Task goal >>
Which lines of the data contain the string "close"? Copy every one.

Stored data entries >>
____________________

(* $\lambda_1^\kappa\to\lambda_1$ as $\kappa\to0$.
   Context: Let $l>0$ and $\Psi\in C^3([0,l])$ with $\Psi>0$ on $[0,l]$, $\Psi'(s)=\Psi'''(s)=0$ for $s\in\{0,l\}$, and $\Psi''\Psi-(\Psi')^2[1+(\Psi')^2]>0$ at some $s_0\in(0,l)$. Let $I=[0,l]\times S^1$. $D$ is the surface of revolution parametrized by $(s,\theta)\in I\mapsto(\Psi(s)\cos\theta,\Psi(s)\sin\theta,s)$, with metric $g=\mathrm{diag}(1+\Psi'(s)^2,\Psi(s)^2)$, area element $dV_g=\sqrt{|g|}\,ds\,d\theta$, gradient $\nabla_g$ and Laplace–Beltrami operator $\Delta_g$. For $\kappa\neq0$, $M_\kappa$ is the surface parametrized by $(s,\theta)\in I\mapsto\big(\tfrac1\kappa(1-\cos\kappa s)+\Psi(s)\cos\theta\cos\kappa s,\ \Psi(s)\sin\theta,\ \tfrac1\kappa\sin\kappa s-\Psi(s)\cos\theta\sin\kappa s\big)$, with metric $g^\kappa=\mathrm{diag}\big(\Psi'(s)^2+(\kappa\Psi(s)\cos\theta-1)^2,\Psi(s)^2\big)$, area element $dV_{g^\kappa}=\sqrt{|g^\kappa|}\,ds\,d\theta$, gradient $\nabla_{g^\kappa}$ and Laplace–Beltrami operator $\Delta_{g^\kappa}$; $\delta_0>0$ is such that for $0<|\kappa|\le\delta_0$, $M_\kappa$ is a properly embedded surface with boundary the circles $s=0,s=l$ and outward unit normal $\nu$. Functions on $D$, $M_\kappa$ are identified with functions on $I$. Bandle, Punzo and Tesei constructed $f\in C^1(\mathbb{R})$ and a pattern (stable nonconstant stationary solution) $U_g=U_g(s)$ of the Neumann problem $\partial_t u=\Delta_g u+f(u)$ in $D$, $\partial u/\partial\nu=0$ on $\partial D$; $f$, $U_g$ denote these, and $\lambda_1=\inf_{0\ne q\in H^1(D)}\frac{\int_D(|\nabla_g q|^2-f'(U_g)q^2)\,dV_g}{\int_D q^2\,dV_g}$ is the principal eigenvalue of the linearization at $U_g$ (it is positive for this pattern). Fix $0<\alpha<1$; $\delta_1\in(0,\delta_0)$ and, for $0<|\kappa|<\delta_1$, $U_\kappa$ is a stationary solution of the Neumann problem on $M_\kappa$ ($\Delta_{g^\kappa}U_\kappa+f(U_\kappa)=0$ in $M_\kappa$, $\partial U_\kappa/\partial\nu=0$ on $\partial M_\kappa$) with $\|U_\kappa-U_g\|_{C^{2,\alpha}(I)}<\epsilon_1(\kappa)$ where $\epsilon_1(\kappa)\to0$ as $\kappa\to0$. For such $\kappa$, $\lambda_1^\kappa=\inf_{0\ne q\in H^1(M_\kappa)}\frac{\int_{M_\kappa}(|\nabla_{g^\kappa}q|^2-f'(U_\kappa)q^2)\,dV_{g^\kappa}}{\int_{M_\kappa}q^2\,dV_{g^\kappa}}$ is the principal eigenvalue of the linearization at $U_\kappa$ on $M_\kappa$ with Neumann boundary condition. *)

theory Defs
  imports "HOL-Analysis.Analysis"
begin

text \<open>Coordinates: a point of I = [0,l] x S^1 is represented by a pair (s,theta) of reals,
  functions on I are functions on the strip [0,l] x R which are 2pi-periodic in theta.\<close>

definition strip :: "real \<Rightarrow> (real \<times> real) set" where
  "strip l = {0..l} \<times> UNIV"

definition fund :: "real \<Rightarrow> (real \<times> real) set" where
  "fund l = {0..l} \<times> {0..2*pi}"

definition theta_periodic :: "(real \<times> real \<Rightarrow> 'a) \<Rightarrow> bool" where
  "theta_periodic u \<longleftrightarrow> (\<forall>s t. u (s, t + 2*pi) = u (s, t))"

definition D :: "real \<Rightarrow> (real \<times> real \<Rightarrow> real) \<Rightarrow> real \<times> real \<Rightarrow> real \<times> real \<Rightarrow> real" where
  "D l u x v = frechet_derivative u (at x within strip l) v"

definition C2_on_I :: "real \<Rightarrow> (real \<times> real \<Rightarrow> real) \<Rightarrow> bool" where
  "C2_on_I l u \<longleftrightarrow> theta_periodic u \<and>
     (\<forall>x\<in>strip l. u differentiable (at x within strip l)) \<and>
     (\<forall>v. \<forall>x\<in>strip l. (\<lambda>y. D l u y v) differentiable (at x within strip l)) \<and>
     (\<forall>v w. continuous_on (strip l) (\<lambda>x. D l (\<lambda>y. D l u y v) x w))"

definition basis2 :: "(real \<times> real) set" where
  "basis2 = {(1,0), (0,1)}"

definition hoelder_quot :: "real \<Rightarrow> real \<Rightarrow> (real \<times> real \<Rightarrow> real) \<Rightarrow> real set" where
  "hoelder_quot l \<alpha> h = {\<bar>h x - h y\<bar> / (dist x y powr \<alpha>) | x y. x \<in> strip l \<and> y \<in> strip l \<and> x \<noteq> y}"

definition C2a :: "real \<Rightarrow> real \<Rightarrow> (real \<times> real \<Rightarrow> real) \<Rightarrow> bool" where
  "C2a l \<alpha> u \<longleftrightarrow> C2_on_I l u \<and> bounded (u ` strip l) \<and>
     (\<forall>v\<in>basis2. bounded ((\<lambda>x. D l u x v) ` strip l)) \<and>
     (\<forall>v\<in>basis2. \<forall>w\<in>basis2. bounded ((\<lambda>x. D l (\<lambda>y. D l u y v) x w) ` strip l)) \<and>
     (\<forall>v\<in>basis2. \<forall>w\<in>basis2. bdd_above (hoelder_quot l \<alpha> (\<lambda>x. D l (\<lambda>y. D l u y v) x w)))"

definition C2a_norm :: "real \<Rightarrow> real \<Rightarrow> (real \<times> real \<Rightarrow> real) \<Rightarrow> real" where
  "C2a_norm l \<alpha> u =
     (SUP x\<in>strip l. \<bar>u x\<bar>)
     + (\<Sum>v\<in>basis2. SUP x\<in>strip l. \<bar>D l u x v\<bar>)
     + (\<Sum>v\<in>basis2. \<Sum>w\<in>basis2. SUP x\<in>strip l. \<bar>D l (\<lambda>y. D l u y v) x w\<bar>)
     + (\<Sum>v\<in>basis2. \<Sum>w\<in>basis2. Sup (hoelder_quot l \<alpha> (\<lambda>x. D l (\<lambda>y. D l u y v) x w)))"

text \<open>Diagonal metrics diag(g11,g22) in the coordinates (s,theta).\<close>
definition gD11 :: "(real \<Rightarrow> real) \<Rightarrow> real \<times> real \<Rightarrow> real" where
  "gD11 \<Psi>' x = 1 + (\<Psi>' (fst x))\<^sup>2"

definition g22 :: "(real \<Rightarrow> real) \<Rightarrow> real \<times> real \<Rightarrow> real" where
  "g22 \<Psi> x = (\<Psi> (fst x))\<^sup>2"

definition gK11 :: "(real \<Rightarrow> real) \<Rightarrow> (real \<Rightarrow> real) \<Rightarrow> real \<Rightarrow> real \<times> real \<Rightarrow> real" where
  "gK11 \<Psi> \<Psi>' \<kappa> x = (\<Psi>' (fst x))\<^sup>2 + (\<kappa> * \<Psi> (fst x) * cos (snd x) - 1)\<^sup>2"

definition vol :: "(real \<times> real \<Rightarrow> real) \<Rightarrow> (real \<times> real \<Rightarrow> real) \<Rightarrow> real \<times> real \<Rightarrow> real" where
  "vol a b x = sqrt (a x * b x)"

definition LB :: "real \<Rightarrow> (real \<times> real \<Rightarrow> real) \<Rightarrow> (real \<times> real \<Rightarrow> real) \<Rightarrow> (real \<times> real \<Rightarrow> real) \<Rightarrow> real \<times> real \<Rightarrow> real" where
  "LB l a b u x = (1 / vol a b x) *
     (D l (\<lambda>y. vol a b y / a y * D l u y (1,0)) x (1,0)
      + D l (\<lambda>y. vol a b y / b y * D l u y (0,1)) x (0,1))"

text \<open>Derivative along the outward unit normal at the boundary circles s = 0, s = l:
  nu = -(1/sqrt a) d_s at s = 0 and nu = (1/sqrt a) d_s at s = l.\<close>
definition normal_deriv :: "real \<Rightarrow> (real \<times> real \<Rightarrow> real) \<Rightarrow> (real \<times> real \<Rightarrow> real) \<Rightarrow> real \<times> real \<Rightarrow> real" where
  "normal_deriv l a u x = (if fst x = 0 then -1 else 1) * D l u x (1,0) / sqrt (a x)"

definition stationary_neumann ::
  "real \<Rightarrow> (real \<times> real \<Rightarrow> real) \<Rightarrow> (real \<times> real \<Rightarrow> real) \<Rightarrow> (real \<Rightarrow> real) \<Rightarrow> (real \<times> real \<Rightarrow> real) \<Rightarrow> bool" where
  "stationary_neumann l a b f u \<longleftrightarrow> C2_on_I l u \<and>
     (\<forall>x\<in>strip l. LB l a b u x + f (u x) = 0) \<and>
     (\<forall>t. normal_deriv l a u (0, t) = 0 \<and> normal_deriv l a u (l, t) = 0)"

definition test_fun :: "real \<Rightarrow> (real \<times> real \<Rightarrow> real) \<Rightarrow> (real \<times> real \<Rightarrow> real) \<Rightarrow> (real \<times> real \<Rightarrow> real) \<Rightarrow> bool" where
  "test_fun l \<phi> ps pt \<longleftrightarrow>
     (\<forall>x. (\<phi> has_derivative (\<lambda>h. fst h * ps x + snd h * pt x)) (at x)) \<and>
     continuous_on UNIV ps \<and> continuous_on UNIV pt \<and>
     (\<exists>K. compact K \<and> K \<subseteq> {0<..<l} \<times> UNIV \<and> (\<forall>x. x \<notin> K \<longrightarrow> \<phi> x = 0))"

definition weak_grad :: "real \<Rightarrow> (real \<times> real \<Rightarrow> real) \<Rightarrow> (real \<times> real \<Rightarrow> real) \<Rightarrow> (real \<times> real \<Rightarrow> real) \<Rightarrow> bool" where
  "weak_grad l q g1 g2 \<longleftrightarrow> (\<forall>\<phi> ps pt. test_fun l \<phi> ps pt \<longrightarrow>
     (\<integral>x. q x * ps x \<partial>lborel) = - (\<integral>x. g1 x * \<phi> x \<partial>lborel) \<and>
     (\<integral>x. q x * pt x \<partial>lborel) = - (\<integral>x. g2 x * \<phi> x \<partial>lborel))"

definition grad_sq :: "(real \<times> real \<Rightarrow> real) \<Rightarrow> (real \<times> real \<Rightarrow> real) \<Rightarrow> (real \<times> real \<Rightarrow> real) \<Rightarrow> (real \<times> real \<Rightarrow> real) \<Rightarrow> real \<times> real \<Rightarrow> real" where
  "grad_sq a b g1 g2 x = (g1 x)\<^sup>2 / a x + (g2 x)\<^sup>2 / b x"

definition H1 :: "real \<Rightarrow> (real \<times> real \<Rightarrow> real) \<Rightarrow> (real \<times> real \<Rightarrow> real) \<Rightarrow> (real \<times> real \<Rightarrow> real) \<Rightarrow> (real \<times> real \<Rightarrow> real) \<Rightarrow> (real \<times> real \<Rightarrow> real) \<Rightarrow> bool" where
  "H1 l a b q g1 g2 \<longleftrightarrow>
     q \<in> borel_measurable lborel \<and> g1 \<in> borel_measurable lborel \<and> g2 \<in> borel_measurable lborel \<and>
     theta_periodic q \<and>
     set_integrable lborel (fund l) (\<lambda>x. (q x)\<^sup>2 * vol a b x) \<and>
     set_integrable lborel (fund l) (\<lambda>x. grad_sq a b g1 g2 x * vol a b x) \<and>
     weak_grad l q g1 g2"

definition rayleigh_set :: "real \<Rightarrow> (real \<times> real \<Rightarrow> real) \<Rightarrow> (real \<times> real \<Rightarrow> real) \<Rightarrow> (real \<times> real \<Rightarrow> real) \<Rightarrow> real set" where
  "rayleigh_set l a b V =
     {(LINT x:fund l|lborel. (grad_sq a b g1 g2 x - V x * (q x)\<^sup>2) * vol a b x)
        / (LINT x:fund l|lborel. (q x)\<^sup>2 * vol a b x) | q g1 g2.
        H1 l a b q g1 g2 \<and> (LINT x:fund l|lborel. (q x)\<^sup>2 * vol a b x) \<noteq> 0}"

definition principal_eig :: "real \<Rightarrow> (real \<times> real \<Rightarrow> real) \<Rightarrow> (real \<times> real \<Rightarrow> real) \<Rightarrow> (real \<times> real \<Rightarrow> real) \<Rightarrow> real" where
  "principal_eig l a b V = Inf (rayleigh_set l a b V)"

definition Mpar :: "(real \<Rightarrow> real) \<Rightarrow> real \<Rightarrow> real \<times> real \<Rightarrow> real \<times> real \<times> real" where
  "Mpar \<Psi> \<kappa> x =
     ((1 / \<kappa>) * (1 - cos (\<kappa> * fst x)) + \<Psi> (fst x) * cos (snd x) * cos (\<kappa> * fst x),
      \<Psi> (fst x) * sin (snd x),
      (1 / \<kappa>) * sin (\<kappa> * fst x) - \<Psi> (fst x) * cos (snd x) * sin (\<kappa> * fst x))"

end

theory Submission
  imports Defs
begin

____________________

Written response >>
  functions on I are functions on the strip [0,l] x R which are 2pi-periodic in theta.\<close>
text \<open>Diagonal metrics diag(g11,g22) in the coordinates (s,theta).\<close>
  nu = -(1/sqrt a) d_s at s = 0 and nu = (1/sqrt a) d_s at s = l.\<close>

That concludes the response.